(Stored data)
......

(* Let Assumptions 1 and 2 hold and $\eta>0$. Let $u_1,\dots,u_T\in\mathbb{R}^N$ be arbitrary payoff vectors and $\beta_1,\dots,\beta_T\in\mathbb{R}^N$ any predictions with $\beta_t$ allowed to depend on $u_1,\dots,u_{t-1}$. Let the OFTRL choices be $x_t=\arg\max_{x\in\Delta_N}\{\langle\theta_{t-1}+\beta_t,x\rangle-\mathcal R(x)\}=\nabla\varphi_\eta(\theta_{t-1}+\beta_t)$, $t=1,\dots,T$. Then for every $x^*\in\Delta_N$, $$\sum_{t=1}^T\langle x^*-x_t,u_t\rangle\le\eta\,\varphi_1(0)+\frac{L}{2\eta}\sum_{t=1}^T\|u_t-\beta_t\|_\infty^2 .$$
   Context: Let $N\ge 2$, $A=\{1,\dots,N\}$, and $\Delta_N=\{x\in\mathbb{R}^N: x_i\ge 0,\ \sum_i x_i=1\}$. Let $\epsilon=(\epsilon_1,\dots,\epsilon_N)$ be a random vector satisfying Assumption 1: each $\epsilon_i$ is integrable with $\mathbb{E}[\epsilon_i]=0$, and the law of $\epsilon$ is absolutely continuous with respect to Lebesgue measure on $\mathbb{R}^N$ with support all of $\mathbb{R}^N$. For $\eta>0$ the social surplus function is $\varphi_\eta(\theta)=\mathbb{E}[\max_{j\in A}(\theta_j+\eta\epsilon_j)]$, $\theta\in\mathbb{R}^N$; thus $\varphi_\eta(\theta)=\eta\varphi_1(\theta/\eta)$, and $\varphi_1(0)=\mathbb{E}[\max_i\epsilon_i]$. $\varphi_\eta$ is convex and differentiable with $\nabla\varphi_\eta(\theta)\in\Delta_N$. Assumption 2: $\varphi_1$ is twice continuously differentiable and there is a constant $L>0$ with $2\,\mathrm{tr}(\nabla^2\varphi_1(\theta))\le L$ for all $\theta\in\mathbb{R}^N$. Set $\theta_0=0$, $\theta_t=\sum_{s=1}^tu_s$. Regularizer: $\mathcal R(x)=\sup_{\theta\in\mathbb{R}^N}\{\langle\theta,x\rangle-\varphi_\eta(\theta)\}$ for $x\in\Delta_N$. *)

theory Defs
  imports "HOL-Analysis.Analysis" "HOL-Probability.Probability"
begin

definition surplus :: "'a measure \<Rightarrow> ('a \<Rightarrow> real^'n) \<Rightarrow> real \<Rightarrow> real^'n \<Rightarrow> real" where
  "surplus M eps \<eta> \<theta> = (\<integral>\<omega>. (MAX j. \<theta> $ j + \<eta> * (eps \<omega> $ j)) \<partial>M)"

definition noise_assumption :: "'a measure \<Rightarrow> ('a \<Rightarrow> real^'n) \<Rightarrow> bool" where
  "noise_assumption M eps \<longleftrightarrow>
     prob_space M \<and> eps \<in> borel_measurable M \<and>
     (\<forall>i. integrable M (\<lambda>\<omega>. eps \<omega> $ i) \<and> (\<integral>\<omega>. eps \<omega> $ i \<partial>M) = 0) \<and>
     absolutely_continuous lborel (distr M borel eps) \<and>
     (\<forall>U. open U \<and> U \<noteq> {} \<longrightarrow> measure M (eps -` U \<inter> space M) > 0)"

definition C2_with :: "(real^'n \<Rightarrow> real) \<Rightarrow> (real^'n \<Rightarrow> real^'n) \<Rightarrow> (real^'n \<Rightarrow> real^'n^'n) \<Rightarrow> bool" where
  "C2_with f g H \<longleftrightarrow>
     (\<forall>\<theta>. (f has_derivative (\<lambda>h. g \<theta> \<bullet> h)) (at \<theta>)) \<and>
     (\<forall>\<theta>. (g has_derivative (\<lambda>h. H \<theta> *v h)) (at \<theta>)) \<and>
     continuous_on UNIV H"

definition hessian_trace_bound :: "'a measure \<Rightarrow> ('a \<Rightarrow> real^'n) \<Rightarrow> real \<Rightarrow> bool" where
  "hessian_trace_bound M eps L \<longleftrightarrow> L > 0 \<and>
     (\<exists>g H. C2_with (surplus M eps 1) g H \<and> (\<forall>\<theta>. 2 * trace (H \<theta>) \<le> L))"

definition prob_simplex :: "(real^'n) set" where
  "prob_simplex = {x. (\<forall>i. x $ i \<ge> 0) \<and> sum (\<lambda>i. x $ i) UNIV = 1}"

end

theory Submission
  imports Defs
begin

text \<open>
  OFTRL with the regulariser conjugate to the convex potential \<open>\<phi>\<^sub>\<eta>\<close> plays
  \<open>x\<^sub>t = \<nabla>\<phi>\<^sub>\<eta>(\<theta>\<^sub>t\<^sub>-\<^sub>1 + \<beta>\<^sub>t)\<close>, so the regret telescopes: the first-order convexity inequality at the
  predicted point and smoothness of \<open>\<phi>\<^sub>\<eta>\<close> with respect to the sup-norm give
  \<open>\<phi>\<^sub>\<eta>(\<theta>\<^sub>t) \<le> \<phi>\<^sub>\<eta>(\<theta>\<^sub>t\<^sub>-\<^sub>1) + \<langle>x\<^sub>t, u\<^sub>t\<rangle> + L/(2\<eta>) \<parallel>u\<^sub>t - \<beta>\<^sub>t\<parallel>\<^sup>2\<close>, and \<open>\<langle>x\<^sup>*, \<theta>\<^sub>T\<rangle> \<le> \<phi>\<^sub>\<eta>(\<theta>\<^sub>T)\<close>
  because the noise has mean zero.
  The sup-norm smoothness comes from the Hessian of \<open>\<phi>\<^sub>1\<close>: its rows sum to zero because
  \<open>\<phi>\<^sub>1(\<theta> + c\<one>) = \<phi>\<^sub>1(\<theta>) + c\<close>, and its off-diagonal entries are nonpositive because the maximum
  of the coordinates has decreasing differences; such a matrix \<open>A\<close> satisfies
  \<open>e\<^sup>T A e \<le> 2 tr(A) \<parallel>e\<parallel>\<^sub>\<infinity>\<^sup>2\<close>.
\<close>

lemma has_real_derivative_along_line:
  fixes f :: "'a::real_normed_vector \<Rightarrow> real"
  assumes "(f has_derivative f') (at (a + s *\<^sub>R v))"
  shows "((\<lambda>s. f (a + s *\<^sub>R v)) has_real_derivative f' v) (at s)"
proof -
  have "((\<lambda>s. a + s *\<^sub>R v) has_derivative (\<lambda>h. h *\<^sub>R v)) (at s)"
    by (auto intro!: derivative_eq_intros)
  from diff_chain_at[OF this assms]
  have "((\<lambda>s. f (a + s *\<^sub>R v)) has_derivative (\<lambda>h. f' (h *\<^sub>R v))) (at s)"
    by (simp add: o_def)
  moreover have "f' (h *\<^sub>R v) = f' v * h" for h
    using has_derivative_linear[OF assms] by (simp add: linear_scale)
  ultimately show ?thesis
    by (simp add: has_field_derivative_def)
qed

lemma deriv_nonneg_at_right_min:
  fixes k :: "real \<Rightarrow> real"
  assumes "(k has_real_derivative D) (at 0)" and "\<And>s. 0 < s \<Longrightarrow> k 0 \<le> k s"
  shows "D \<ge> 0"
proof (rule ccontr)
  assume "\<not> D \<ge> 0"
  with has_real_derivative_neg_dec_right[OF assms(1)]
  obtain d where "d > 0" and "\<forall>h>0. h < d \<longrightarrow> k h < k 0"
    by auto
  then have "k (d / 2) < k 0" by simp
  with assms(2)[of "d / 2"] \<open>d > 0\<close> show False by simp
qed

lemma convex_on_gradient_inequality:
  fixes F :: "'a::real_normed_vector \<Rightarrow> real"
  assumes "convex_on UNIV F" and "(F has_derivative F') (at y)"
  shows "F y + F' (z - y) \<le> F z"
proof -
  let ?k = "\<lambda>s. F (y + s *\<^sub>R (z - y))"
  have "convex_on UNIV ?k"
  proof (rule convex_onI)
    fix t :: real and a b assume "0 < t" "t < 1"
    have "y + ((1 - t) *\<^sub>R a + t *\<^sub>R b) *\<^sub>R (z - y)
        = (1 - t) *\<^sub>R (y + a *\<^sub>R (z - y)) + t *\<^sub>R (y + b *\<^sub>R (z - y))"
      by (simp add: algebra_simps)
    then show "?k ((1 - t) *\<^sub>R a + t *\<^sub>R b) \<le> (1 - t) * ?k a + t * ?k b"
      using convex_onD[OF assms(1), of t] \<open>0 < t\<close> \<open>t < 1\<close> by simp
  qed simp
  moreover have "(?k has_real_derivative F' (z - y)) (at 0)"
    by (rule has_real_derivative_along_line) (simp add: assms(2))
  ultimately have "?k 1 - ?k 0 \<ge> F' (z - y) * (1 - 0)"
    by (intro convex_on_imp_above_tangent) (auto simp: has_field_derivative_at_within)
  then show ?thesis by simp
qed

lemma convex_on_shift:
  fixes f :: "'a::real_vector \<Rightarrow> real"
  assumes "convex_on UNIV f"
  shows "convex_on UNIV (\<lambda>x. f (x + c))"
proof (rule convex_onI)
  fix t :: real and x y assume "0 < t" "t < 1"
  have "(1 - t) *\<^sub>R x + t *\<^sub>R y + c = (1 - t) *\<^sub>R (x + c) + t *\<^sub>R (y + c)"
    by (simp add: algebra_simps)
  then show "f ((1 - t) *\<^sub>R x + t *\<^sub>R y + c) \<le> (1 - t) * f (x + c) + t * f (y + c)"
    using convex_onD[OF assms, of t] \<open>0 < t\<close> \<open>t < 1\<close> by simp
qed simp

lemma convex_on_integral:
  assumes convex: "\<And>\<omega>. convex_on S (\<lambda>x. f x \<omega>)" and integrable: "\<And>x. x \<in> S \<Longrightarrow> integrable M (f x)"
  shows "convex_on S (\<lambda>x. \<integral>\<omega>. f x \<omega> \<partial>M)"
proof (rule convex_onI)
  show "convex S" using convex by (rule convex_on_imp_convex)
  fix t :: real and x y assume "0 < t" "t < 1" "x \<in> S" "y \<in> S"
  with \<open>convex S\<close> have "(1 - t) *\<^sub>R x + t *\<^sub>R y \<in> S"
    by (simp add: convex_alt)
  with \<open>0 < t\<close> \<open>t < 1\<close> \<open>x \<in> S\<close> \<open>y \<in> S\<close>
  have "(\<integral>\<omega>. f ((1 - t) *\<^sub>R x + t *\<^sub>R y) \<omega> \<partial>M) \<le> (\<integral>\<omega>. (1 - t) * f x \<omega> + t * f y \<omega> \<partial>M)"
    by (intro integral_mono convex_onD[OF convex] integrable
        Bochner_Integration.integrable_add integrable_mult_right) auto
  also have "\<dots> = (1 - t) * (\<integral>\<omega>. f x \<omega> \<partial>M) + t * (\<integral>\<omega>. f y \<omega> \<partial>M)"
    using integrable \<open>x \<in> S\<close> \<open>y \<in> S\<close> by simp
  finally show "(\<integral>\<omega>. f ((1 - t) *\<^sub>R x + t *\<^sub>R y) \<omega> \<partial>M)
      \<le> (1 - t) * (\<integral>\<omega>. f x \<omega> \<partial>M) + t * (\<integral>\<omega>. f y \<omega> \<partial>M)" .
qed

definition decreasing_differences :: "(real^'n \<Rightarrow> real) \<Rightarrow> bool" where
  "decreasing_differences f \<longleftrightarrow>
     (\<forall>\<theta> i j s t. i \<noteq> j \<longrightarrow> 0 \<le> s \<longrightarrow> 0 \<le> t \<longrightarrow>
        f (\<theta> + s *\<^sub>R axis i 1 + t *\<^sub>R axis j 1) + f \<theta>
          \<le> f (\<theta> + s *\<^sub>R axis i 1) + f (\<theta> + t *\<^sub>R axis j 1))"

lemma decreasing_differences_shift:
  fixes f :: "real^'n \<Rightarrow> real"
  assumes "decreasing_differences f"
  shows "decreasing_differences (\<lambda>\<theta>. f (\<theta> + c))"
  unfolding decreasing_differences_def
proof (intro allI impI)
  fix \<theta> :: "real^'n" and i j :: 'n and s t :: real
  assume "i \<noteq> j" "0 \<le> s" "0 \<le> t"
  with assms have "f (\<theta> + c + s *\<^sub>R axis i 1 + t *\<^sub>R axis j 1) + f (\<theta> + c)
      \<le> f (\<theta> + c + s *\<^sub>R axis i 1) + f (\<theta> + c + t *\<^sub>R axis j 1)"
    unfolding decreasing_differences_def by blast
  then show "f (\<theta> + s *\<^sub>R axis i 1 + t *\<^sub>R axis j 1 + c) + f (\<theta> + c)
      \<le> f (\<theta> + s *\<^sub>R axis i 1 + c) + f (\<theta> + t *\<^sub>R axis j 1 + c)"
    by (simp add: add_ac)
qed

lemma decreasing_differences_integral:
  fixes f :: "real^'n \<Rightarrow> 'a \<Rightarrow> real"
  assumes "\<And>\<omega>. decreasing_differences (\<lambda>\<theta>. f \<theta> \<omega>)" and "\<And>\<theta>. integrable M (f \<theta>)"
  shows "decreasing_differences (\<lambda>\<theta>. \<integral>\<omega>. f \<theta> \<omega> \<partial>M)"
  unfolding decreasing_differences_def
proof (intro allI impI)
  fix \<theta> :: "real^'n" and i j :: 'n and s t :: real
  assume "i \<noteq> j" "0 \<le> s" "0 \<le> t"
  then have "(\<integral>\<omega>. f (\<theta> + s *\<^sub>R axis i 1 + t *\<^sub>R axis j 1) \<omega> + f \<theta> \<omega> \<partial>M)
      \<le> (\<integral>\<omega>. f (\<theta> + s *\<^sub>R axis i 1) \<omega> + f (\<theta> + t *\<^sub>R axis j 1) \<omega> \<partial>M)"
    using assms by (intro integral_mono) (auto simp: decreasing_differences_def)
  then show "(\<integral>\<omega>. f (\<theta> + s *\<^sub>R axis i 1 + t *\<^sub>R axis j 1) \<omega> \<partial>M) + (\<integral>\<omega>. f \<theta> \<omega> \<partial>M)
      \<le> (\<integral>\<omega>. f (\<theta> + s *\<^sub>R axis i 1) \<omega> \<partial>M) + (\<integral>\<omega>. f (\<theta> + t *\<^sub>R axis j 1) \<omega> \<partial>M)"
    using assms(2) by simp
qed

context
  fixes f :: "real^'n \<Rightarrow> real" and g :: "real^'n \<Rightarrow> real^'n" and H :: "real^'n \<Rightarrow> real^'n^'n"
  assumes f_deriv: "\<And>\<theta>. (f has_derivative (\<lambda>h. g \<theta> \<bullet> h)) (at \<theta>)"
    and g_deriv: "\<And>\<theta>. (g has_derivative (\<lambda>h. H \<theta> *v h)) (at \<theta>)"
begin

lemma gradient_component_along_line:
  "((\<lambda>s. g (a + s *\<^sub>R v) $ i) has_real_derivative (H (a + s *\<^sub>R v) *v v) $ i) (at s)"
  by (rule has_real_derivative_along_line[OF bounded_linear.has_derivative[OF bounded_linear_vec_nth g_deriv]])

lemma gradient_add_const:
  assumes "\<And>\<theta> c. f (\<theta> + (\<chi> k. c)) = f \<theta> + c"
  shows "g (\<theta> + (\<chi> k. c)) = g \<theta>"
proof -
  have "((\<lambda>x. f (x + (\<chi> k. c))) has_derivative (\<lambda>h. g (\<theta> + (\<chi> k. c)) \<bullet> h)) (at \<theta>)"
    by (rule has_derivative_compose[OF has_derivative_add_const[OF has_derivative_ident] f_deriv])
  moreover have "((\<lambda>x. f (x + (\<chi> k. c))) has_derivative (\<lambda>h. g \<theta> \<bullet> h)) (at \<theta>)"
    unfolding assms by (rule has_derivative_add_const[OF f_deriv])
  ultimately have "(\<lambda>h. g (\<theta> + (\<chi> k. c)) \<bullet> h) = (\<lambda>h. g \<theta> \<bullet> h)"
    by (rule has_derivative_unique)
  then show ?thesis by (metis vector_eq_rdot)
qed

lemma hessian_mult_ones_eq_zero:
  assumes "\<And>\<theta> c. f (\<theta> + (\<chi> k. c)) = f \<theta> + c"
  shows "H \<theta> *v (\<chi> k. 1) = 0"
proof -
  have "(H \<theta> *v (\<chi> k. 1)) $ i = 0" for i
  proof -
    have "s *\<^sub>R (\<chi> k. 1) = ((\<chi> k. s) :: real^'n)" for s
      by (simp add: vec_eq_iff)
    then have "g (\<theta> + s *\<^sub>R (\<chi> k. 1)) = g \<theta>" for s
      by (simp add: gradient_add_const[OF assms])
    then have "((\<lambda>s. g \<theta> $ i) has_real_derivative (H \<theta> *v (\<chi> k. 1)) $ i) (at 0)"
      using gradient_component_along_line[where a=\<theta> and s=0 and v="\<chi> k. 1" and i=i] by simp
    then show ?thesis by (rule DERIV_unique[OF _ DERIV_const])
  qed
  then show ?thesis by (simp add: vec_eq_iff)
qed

......

◆ Work instruction
Retype, exactly and in full, the lines above from the one containing "by (rule has_derivative_compose[OF" through the one containing "((\<chi> k. s)".

◆ Completed task
    by (rule has_derivative_compose[OF has_derivative_add_const[OF has_derivative_ident] f_deriv])
  moreover have "((\<lambda>x. f (x + (\<chi> k. c))) has_derivative (\<lambda>h. g \<theta> \<bullet> h)) (at \<theta>)"
    unfolding assms by (rule has_derivative_add_const[OF f_deriv])
  ultimately have "(\<lambda>h. g (\<theta> + (\<chi> k. c)) \<bullet> h) = (\<lambda>h. g \<theta> \<bullet> h)"
    by (rule has_derivative_unique)
  then show ?thesis by (metis vector_eq_rdot)
qed

lemma hessian_mult_ones_eq_zero:
  assumes "\<And>\<theta> c. f (\<theta> + (\<chi> k. c)) = f \<theta> + c"
  shows "H \<theta> *v (\<chi> k. 1) = 0"
proof -
  have "(H \<theta> *v (\<chi> k. 1)) $ i = 0" for i
  proof -
    have "s *\<^sub>R (\<chi> k. 1) = ((\<chi> k. s) :: real^'n)" for s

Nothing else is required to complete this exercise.